Preclinical findings show antitumour activity of triple KRAS inhibition in mouse models, but it will take years of rigorous research to assess its clinical efficacy in oncology patients
“One patient had reported to me the news that they had cured pancreatic cancer with three new drugs. Another one was asking specifically how he could get access to this treatment, even off-label since these drugs are already in the clinic. I had to explain that this combination has not yet been tested in humans for dose-finding and/or safety.” What happened to Dr Rachna T. Shroff, of the University of Arizona Cancer Center, Tucson, AZ, USA, and member of the ESMO Communication Committee, was shared by many other oncology professionals over the last few days, after a preclinical research study published in Proceeding of the National Academy of Sciences (PNAS) hit the news globally (Proc Natl Acad Sci U S A. 2025 Dec 9;122(49):e2523039122 ).
The team of the Experimental Oncology Group at the National Cancer Research Centre (CNIO) in Madrid, Spain, led by Prof. Mariano Barbacid, investigated the antitumour effect of targeting three nodes that control KRAS signalling pathways - Raf1, Egfr, and Stat3 – applying a triple-combination therapy of daraxonrasib, a novel RAS(ON) inhibitor, the EGFR-tyrosine kinase inhibitor (TKI) afatinib, and SD36, a selective proteolysis targeting chimera (PROTAC) degrader of STAT3 protein, in vitro and in genetically engineered mouse (GEM) models of pancreatic ductal adenocarcinoma (PDAC).
Tumour-bearing mice treated with the novel treatment underwent rapid apoptotic cell death that resulted in complete tumour regressions and remained tumour-free for over 200 days post-treatment, suggesting a potential therapeutic impact overcoming the onset of tumour resistance.
These are exciting news, since the results may represent a significant step toward understanding therapeutic vulnerabilities of pancreatic cancer. But they are not yet applicable to patient care. “Laboratory work cannot be directly translated into clinical reality without running rigorously controlled clinical trials,” cautions Dr Ben Westphalen, University Hospital LMU Munich, Germany, Chair of the ESMO Precision Oncology Task Force. “In pancreatic cancer, we have seen promising results in model systems in the past that, however, led to unfavourable results in patients, which were then recapitulated in the laboratory,” he says. He specifically recalls the case of the Hedgehog cellular signalling pathway, whose inhibition appeared to be a promising strategy to improve the delivery and efficacy of gemcitabine in mouse models of PDAC years ago (Science. 2009 Jun 12;324(5933):1457-61). However, subsequent research did not confirm those preclinical findings in phase I studies (J Clin Oncol. 2015 Dec 20;33(36):4284-92 ; Pancreas. 2016 Mar;45(3):370-5 ) and led to further in vitro and murine model investigations to assess the underlying causes of that failure (Cancer Cell. 2014 Jun 16;25(6):735-47 ; Cancer Cell. 2014 Jun 16;25(6):719-34 ).
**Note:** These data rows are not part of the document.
lemma sets_open [simp]: "open S \<Longrightarrow> S \<in> sets \<mu>"
  using sets_\<mu> by simp

lemma emeasure_bounded_finite:
  assumes "S \<in> sets \<mu>" "bounded S"
  shows "emeasure \<mu> S \<noteq> top"
proof -
  have "S \<in> sets borel" using assms(1) sets_\<mu> by simp
  then show ?thesis using finite_on_bounded assms(2) by fastforce
qed

lemma emeasure_eq_measure_bounded:
  "S \<in> sets \<mu> \<Longrightarrow> bounded S \<Longrightarrow> emeasure \<mu> S = ennreal (measure \<mu> S)"
  by (rule emeasure_eq_ennreal_measure) (rule emeasure_bounded_finite)

lemma measure_mono_bounded:
  "A \<subseteq> B \<Longrightarrow> A \<in> sets \<mu> \<Longrightarrow> B \<in> sets \<mu> \<Longrightarrow> bounded B \<Longrightarrow> measure \<mu> A \<le> measure \<mu> B"
  by (rule measure_mono_fmeasurable) (auto simp: fmeasurable_def less_top[symmetric] emeasure_bounded_finite)

lemma null_sets_measure_le_0:
  assumes "S \<in> sets \<mu>" "bounded S" "measure \<mu> S \<le> 0"
  shows "S \<in> null_sets \<mu>"
  using assms measure_nonneg[of \<mu> S] by (auto simp: emeasure_eq_measure_bounded)

lemma null_sets_INT_measure_le:
  assumes V: "\<And>m. V m \<in> sets \<mu>" "\<And>m. bounded (V m)"
    and le: "\<And>m. measure \<mu> (V m) \<le> c m" and "c \<longlonglongrightarrow> 0"
  shows "(\<Inter>m. V m) \<in> null_sets \<mu>"
proof -
  have sets: "(\<Inter>m. V m) \<in> sets \<mu>"
    using V(1) by (intro sets.countable_INT) auto
  have "measure \<mu> (\<Inter>m. V m) \<le> measure \<mu> (V m)" for m
    using sets V by (intro measure_mono_bounded) auto
  then have "measure \<mu> (\<Inter>m. V m) \<le> c m" for m
    using le[of m] by (rule order_trans)
  then have "measure \<mu> (\<Inter>m. V m) \<le> 0"
    by (intro LIMSEQ_le_const[OF \<open>c \<longlonglongrightarrow> 0\<close>]) auto
  moreover have "bounded (\<Inter>m. V m)"
    using V(2)[of 0] by (rule bounded_subset) auto
  ultimately show ?thesis
    using sets by (intro null_sets_measure_le_0)
qed

lemma beta_pos: "0 < \<beta>"
  using beta_gt powr_gt_zero[of 5 n] by linarith

lemma doubling_ball_iff:
  "doubling_ball \<mu> \<beta> c r \<longleftrightarrow> measure \<mu> (ball c (5 * r)) \<le> \<beta> * measure \<mu> (ball c r)"
  unfolding doubling_ball_def using beta_pos
  by (simp add: emeasure_eq_measure_bounded ennreal_mult[symmetric] ennreal_le_iff)

lemma measure_ball_decay:
  assumes "\<And>m. m < k \<Longrightarrow> \<not> doubling_ball \<mu> \<beta> x (r / 5 ^ Suc m)"
  shows "\<beta> ^ k * measure \<mu> (ball x (r / 5 ^ k)) \<le> measure \<mu> (ball x r)"
  using assms
proof (induction k)
  case (Suc k)
  have "5 * (r / 5 ^ Suc k) = r / 5 ^ k" by simp
  then have "\<beta> * measure \<mu> (ball x (r / 5 ^ Suc k)) \<le> measure \<mu> (ball x (r / 5 ^ k))"
    using Suc.prems[of k] by (simp add: doubling_ball_iff)
  then have "\<beta> ^ Suc k * measure \<mu> (ball x (r / 5 ^ Suc k)) \<le> \<beta> ^ k * measure \<mu> (ball x (r / 5 ^ k))"
    using beta_pos by (simp add: mult.assoc mult_left_mono)
  with Suc show ?case by simp
qed simp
Moreover, what needs to be proven is not only that the novel triple combination therapy is effective in people with PDAC, but also what potential side-effects it may carry in humans. “We already know that the combination of EGFR and KRAS targeting agents alone has overlapping toxicities, and the addition of the STAT3 PROTAC may introduce further adverse effects,” adds Shroff.
The excitement surrounding the Spanish study findings is partly driven by the dismal prognosis of PDAC, which has remained mostly unchanged over the last 20 years (Lancet. 2025 Apr 5;405(10485):1182-1202). Ever since KRAS recently became a ‘druggable’ oncogenic driver, the number of selective inhibitors has been growing steadily, offering new potential opportunities to patients, whose treatment relies today on gemcitabine, either alone or in combination with nab-paclitaxel, and 5-fluoracil (F) based regimens such as FOLFIRINOX and nalIRIFOX with limited benefits (Ann of Oncol, 2023;Vol 34, Issue 11, 987-1002). However, toxicity and primary or acquired resistance are major challenges to the clinical use of these targeted (Genes Dev. 2025 Jan 7;39(1-2):132-162).
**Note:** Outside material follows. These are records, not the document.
lemma compact_THL_imp_compact_THH:
  assumes "compact_THL M k feat"
  shows "compact_THH M k feat"
  unfolding compact_THH_def
proof (intro allI impI)
  fix h :: "nat \<Rightarrow> 'h" assume "bounded (range h)"
  then obtain B where "B > 0" and B: "\<And>n. norm (h n) \<le> B"
    by (auto simp: bounded_pos)
  obtain r where r: "strict_mono r" and "l2_conv M (\<lambda>n. intop M k (emb feat (h (r n))))"
    using assms \<open>bounded (range h)\<close> unfolding compact_THL_def by blast
  moreover define G where "G n = T (h (r n))" for n
  ultimately have conv: "l2_conv M (\<lambda>n. emb feat (G n))"
    by (subst l2_conv_cong) (auto simp: emb_T)
  \<comment> \<open>\<open>\<parallel>T d\<parallel>\<^sup>2 = \<langle>S d, S T d\<rangle>\<close>, so \<open>G\<close> is Cauchy in \<open>H\<close> because \<open>S \<circ> G\<close> is Cauchy in \<open>L\<^sup>2\<close>\<close>
  have G_close: "(norm (G a - G b))\<^sup>2 \<le> (2 * C * B) * l2norm M (\<lambda>s. emb feat (G a) s - emb feat (G b) s)"
    for a b
  proof -
    define d where "d = h (r a) - h (r b)"
    have "norm d \<le> 2 * B"
      using B[of "r a"] B[of "r b"] norm_triangle_ineq4[of "h (r a)" "h (r b)"] unfolding d_def by linarith
    then have Sd: "l2norm M (emb feat d) \<le> 2 * C * B"
      using order_trans[OF S_bound[of d] mult_left_mono[OF \<open>norm d \<le> 2 * B\<close> C_nonneg]]
      by (simp add: ac_simps)
    have "T d = G a - G b"
      unfolding G_def d_def by (simp add: T_diff)
    have "(norm (G a - G b))\<^sup>2 \<le> l2norm M (emb feat d) * l2norm M (emb feat (T d))"
      using norm_T_sq_le[of d] \<open>T d = G a - G b\<close> by simp
    also have "\<dots> \<le> (2 * C * B) * l2norm M (emb feat (T d))"
      using Sd by (rule mult_right_mono) (rule l2norm_nonneg)
    finally show ?thesis
      using \<open>T d = G a - G b\<close> by (simp add: emb_diff[abs_def])
  qed
  have "Cauchy G"
  proof (rule metric_CauchyI)
    fix e :: real assume "e > 0"
    moreover have K_pos: "2 * C * B + 1 > 0"
      using C_nonneg \<open>B > 0\<close> by (intro add_nonneg_pos mult_nonneg_nonneg) auto
    ultimately have "e\<^sup>2 / (2 * C * B + 1) > 0"
      by simp
    then obtain N where N: "\<And>a b. a \<ge> N \<Longrightarrow> b \<ge> N
        \<Longrightarrow> l2norm M (\<lambda>s. emb feat (G a) s - emb feat (G b) s) < e\<^sup>2 / (2 * C * B + 1)"
      using l2_conv_imp_Cauchy[OF conv in_L2] by blast
    have "dist (G a) (G b) < e" if "a \<ge> N" "b \<ge> N" for a b
    proof -
      have "(dist (G a) (G b))\<^sup>2 \<le> (2 * C * B + 1) * l2norm M (\<lambda>s. emb feat (G a) s - emb feat (G b) s)"
        using G_close[of a b] l2norm_nonneg[of M "\<lambda>s. emb feat (G a) s - emb feat (G b) s"]
        by (simp add: dist_norm distrib_right)
      also have "\<dots> < e\<^sup>2"
        using N[OF that] pos_less_divide_eq[OF K_pos] by (simp add: mult.commute)
      finally show ?thesis
        using \<open>e > 0\<close> by (simp add: power_less_imp_less_base)
    qed
    then show "\<exists>N. \<forall>a\<ge>N. \<forall>b\<ge>N. dist (G a) (G b) < e" by blast
  qed
  then obtain g where "G \<longlonglongrightarrow> g"
    using Cauchy_convergent_iff convergent_def by blast
  moreover have "\<forall>n. \<forall>s\<in>space M. emb feat (G n) s = intop M k (emb feat (h (r n))) s"
    unfolding G_def by (simp add: emb_T)
  ultimately show "\<exists>r G g. strict_mono r \<and>
      (\<forall>n. \<forall>s\<in>space M. emb feat (G n) s = intop M k (emb feat (h (r n))) s) \<and> G \<longlonglongrightarrow> g"
    using r by blast
qed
“In this disease, with a critical unmet medical need, the hope for innovative and effective RAS-inhibitors is especially high,” highlights Westphalen. “Parallel to the clinical development of RAS-inhibitors, scientists have now taken up the task of understanding the effects of these agents and emerging mechanisms of resistance, and how to eventually overcome them.” It is against this backdrop that the findings observed in mice by the Spanish team should be assessed, and whether RAS inhibition will be a true breakthrough in this difficult-to-treat disease is uncertain. “This translational research will be critical to push the field forward as the results obtained in model systems will help to inform the clinical development of these novel drugs in patients with cancer and how they can be employed most effectively,” he concludes.